Oxidative stress causes mitochondrial dysfunction in obesity and type 2 diabetes mellitus (T2DM), but the molecular mechanisms underlying the cause remain poorly elucidated. Cardiolipin (CL) is a mitochondrial membrane phospholipid required for oxidative phosphorylation and mitochondrial biogenesis. The biological function of CL is determined by its acyl composition, which is dominated by linoleic acid in healthy metabolic tissues. In contrast, the onset of obesity and T2DM is associated with a significant alteration of acyl composition from the healthy tetralinoleoyl CL (TLCL) to the CL species enriched with docosahexaenoic acid (DHA) which is highly sensitive to oxidative damage by reactive oxygen species (ROS). Oxidized CL functions as ROS, initiating a chain of events of oxidative stress and CL oxidation known as "CL peroxidation." Research supported by this grant has identified a key role of ALCAT1, a lysocardiolipin acyltransferse, in mitochondrial dysfunction associated with obesity and T2DM by catalyzing the synthesis of CL with a high peroxidation index.
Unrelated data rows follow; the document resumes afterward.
(* Let $R$ be a ring with identity and involution $*$, and let $a,b\in R$ be dual core invertible with dual core inverses $a_{\oplus}$ and $b_{\oplus}$. If $ab=0=ba$ and $ab^*=0$, then $a+b$ is dual core invertible and $(a+b)_{\oplus}=a_{\oplus}+b_{\oplus}$.
   Context: An involution on $R$ satisfies $(a^* )^*=a$, $(ab)^*=b^*a^*$, $(a+b)^*=a^*+b^*$. An element $x\in R$ is a dual core inverse of $a$ if $axa=a$, $xR=a^*R$ and $Rx=Ra$; it is unique when it exists and is denoted $a_{\oplus}$. *)

theory Defs
  imports Main
begin

definition involution :: "('a::ring_1 \<Rightarrow> 'a) \<Rightarrow> bool" where
  "involution star \<longleftrightarrow> (\<forall>a. star (star a) = a) \<and> (\<forall>a b. star (a * b) = star b * star a)
     \<and> (\<forall>a b. star (a + b) = star a + star b)"

definition right_ideal_gen :: "'a::ring_1 \<Rightarrow> 'a set" where
  "right_ideal_gen x = {x * r | r. True}"

definition left_ideal_gen :: "'a::ring_1 \<Rightarrow> 'a set" where
  "left_ideal_gen x = {r * x | r. True}"

definition is_dual_core_inverse :: "('a::ring_1 \<Rightarrow> 'a) \<Rightarrow> 'a \<Rightarrow> 'a \<Rightarrow> bool" where
  "is_dual_core_inverse star a x \<longleftrightarrow> a * x * a = a
     \<and> right_ideal_gen x = right_ideal_gen (star a) \<and> left_ideal_gen x = left_ideal_gen a"

definition dual_core_invertible :: "('a::ring_1 \<Rightarrow> 'a) \<Rightarrow> 'a \<Rightarrow> bool" where
  "dual_core_invertible star a \<longleftrightarrow> (\<exists>x. is_dual_core_inverse star a x)"

definition dual_core_inv :: "('a::ring_1 \<Rightarrow> 'a) \<Rightarrow> 'a \<Rightarrow> 'a" where
  "dual_core_inv star a = (THE x. is_dual_core_inverse star a x)"

end

theory Submission
  imports Defs
begin

text \<open>A dual core inverse x of a is characterised by the five equations a x a = a, x a x = x,
  (x a)* = x a, x x a = x and a a x = a; the ideal conditions are recovered from
  x = a* (x* x), a* = x (a a*), x = (x x) a and a = (a a) x. If a and b are orthogonal in the sense
  of the hypotheses, then so are their dual core inverses x and y, in the sense that every
  mixed product of a, b, x, y vanishes. All five equations for a + b and x + y then split
  into the corresponding equations for a, x and for b, y.\<close>

lemma mem_right_ideal_gen_self: "x \<in> right_ideal_gen (x::'a::ring_1)"
  unfolding right_ideal_gen_def by (metis (mono_tags) mem_Collect_eq mult_1_right)

lemma mem_left_ideal_gen_self: "x \<in> left_ideal_gen (x::'a::ring_1)"
  unfolding left_ideal_gen_def by (metis (mono_tags) mem_Collect_eq mult_1_left)

lemma right_ideal_gen_eqI:
  fixes x p :: "'a::ring_1"
  assumes "x = p * r" and "p = x * s"
  shows "right_ideal_gen x = right_ideal_gen p"
  unfolding right_ideal_gen_def using assms by (metis mult.assoc)

lemma left_ideal_gen_eqI:
  fixes x p :: "'a::ring_1"
  assumes "x = r * p" and "p = s * x"
  shows "left_ideal_gen x = left_ideal_gen p"
  unfolding left_ideal_gen_def using assms by (metis mult.assoc)

locale ring_with_involution =
  fixes star :: "'a::ring_1 \<Rightarrow> 'a"
  assumes involution: "involution star"
begin

lemma star_star [simp]: "star (star p) = p"
  using involution unfolding involution_def by blast

lemma star_mult: "star (p * q) = star q * star p"
  using involution unfolding involution_def by blast

lemma star_add: "star (p + q) = star p + star q"
  using involution unfolding involution_def by blast

lemma star_zero [simp]: "star 0 = 0"
  using star_add[of 0 0] by simp

lemma dual_core_inverse_eqs:
  assumes "is_dual_core_inverse star a x"
  shows "a * x * a = a" "x * a * x = x" "star (x * a) = x * a" "x * x * a = x" "a * a * x = a"
proof -
  have axa: "a * x * a = a" and R: "right_ideal_gen x = right_ideal_gen (star a)"
    and L: "left_ideal_gen x = left_ideal_gen a"
    using assms unfolding is_dual_core_inverse_def by auto
  have "x \<in> right_ideal_gen (star a)"
    using mem_right_ideal_gen_self R by blast
  then obtain u where u: "x = star a * u" unfolding right_ideal_gen_def by blast
  have "x \<in> left_ideal_gen a"
    using mem_left_ideal_gen_self L by blast
  then obtain w where w: "x = w * a" unfolding left_ideal_gen_def by blast
  have "a \<in> left_ideal_gen x"
    using mem_left_ideal_gen_self L by blast
  then obtain z where z: "a = z * x" unfolding left_ideal_gen_def by blast
  have "star a = star a * star x * star a"
    using arg_cong[OF axa, of star] by (simp add: star_mult mult.assoc)
  then have x_eq: "x = star a * star x * x"
    using u by (metis mult.assoc)
  have xxa: "x * x * a = x"
    using w axa by (metis mult.assoc)
  have xa: "x * a = star (x * a) * (x * a)"
    using x_eq by (metis mult.assoc star_mult)
  then have herm: "star (x * a) = x * a"
    by (metis star_mult star_star)
  have xax: "x * a * x = x"
    using x_eq herm by (metis star_mult)
  have "a * a * x = a"
    using z xax by (metis mult.assoc)
  with axa xax herm xxa show "a * x * a = a" "x * a * x = x" "star (x * a) = x * a"
    "x * x * a = x" "a * a * x = a" by blast+
qed

lemma is_dual_core_inverse_iff:
  "is_dual_core_inverse star a x \<longleftrightarrow>
     a * x * a = a \<and> x * a * x = x \<and> star (x * a) = x * a \<and> x * x * a = x \<and> a * a * x = a"
proof
  assume "is_dual_core_inverse star a x"
  then show "a * x * a = a \<and> x * a * x = x \<and> star (x * a) = x * a \<and> x * x * a = x \<and> a * a * x = a"
    using dual_core_inverse_eqs by blast
next
  assume h: "a * x * a = a \<and> x * a * x = x \<and> star (x * a) = x * a \<and> x * x * a = x \<and> a * a * x = a"
  then have x_in: "x = star a * (star x * x)" and sa_in: "star a = x * (a * star a)"
    by (metis mult.assoc star_mult)+
  have "right_ideal_gen x = right_ideal_gen (star a)"
    using right_ideal_gen_eqI[OF x_in sa_in] .
  moreover have "left_ideal_gen x = left_ideal_gen a"
    using h by (intro left_ideal_gen_eqI[of x "x * x" a "a * a"]) simp_all
  ultimately show "is_dual_core_inverse star a x"
    using h unfolding is_dual_core_inverse_def by blast
qed

lemma dual_core_inverse_unique:
  assumes "is_dual_core_inverse star a x" and "is_dual_core_inverse star a y"
  shows "x = y"
proof -
  note x = dual_core_inverse_eqs[OF assms(1)] and y = dual_core_inverse_eqs[OF assms(2)]
  have "x * a = star (x * (a * y * a))"
    using x(3) y(1) by simp
  also have "\<dots> = y * a"
    using x(1,3) y(3) by (simp add: star_mult mult.assoc)
  finally have xa_ya: "x * a = y * a" .
  have "x = x * a * y"
    using x(4) y(5) by (metis mult.assoc)
  then show ?thesis
    using xa_ya y(2) by simp
qed

lemma dual_core_inv_eqI:
  assumes "is_dual_core_inverse star a x"
  shows "dual_core_inv star a = x"
  unfolding dual_core_inv_def
  using assms dual_core_inverse_unique by blast

lemma dual_core_inverse_mult_eq_zero:
  assumes "is_dual_core_inverse star a x" and "a * c = 0"
  shows "x * c = 0"
proof -
  have "x * c = x * x * (a * c)"
    using dual_core_inverse_eqs(4)[OF assms(1)] by (metis mult.assoc)
  with assms(2) show ?thesis by simp
qed

lemma mult_dual_core_inverse_eq_zero:
  assumes "is_dual_core_inverse star a x" and "c * star a = 0"
  shows "c * x = 0"
proof -
  have "x = star (x * a) * x"
    using dual_core_inverse_eqs(2,3)[OF assms(1)] by simp
  then have "c * x = c * star a * (star x * x)"
    by (metis mult.assoc star_mult)
  with assms(2) show ?thesis by simp
qed

lemma dual_core_inverse_add:
  assumes x: "is_dual_core_inverse star a x" and y: "is_dual_core_inverse star b y"
    and ab: "a * b = 0" and ba: "b * a = 0" and ab': "a * star b = 0"
  shows "is_dual_core_inverse star (a + b) (x + y)"
proof -
  have "b * star a = star (a * star b)"
    by (simp add: star_mult)
  with ab' have ba': "b * star a = 0" by simp
  have xb: "x * b = 0" using dual_core_inverse_mult_eq_zero[OF x ab] .
  have ya: "y * a = 0" using dual_core_inverse_mult_eq_zero[OF y ba] .
  have bx: "b * x = 0" using mult_dual_core_inverse_eq_zero[OF x ba'] .
  have ay: "a * y = 0" using mult_dual_core_inverse_eq_zero[OF y ab'] .
  have xy: "x * y = 0"
    using dual_core_inverse_eqs(4)[OF x] ay by (metis mult.assoc mult_zero_right)
  have yx: "y * x = 0"
    using dual_core_inverse_eqs(4)[OF y] bx by (metis mult.assoc mult_zero_right)
  note ex = dual_core_inverse_eqs[OF x, unfolded mult.assoc]
    and ey = dual_core_inverse_eqs[OF y, unfolded mult.assoc]
  note zeros = ab ba xb ya bx ay xy yx
  have "(x + y) * (a + b) = x * a + y * b"
    using zeros by (simp add: algebra_simps)
  then show ?thesis
    unfolding is_dual_core_inverse_iff
    using ex ey zeros by (simp add: algebra_simps star_add)
qed

end

theorem corollary4p9:
  fixes star :: "'a::ring_1 \<Rightarrow> 'a" and a b :: 'a
  assumes "involution star"
    and "dual_core_invertible star a" and "dual_core_invertible star b"
    and "a * b = 0" and "b * a = 0" and "a * star b = 0"
  shows "dual_core_invertible star (a + b)
    \<and> dual_core_inv star (a + b) = dual_core_inv star a + dual_core_inv star b"
proof -
  interpret ring_with_involution star by standard (rule assms(1))
  obtain x where x: "is_dual_core_inverse star a x"
    using assms(2) unfolding dual_core_invertible_def by blast
  obtain y where y: "is_dual_core_inverse star b y"
    using assms(3) unfolding dual_core_invertible_def by blast
  have sum: "is_dual_core_inverse star (a + b) (x + y)"
    using dual_core_inverse_add[OF x y assms(4-6)] .
  then show ?thesis
    unfolding dual_core_invertible_def
    using dual_core_inv_eqI[OF sum] dual_core_inv_eqI[OF x] dual_core_inv_eqI[OF y] by blast
qed

end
The research has also shown that ALCAT1 expression is induced by ROS associated with obesity and T2DM, triggering a vicious cycle of oxidative stress, mitochondrial dysfunction, and insulin resistance. Consequently, we show that targeted deletion of ALCAT1 in mice ameliorates diet-induced obesity (DIO) and its related mitochondrial dysfunctions. Strikingly, our new preliminary data also reveal an unexpected role of ALCAT1 in regulating mitochondrial fusion and mtDNA fidelity through the modulation of mitofusin-2 (MFN2), a GTPase required for mitochondrial fusion, linking oxidative stress by ALCAT1 to defective mitochondrial quality control. Based on these new preliminary data, we hypothesize that CL remodeling by ALCAT1 causes mitochondrial dysfunction in DIO by impairing mitochondrial fusion, which will be tested by three specific aims:
Aim 1 will identify the role of CL remodeling by ALCAT1 in defective mitochondrial quality control in DIO;
Aim 2 will determine the role of MFN2 deficiency by ALCAT1 in mitochondrial dysfunction in DIO;
and Aim 3 will elucidate the molecular mechanism by which ALCAT1 regulates mitochondrial autophagy in DIO and T2DM. Successful completion of the proposed studies will open a new direction to study pathways that integrate CL remodeling to defective mitochondrial biogenesis and quality control in metabolic diseases. This information will have profound implications in designing new therapeutic strategies against obesity and other age-related diseases, because pathological CL remodeling is implicated in mitochondrial dysfunction associated with all the age-related diseases, including obesity, T2DM, cardiovascular diseases, cancer, and neurodegeneration.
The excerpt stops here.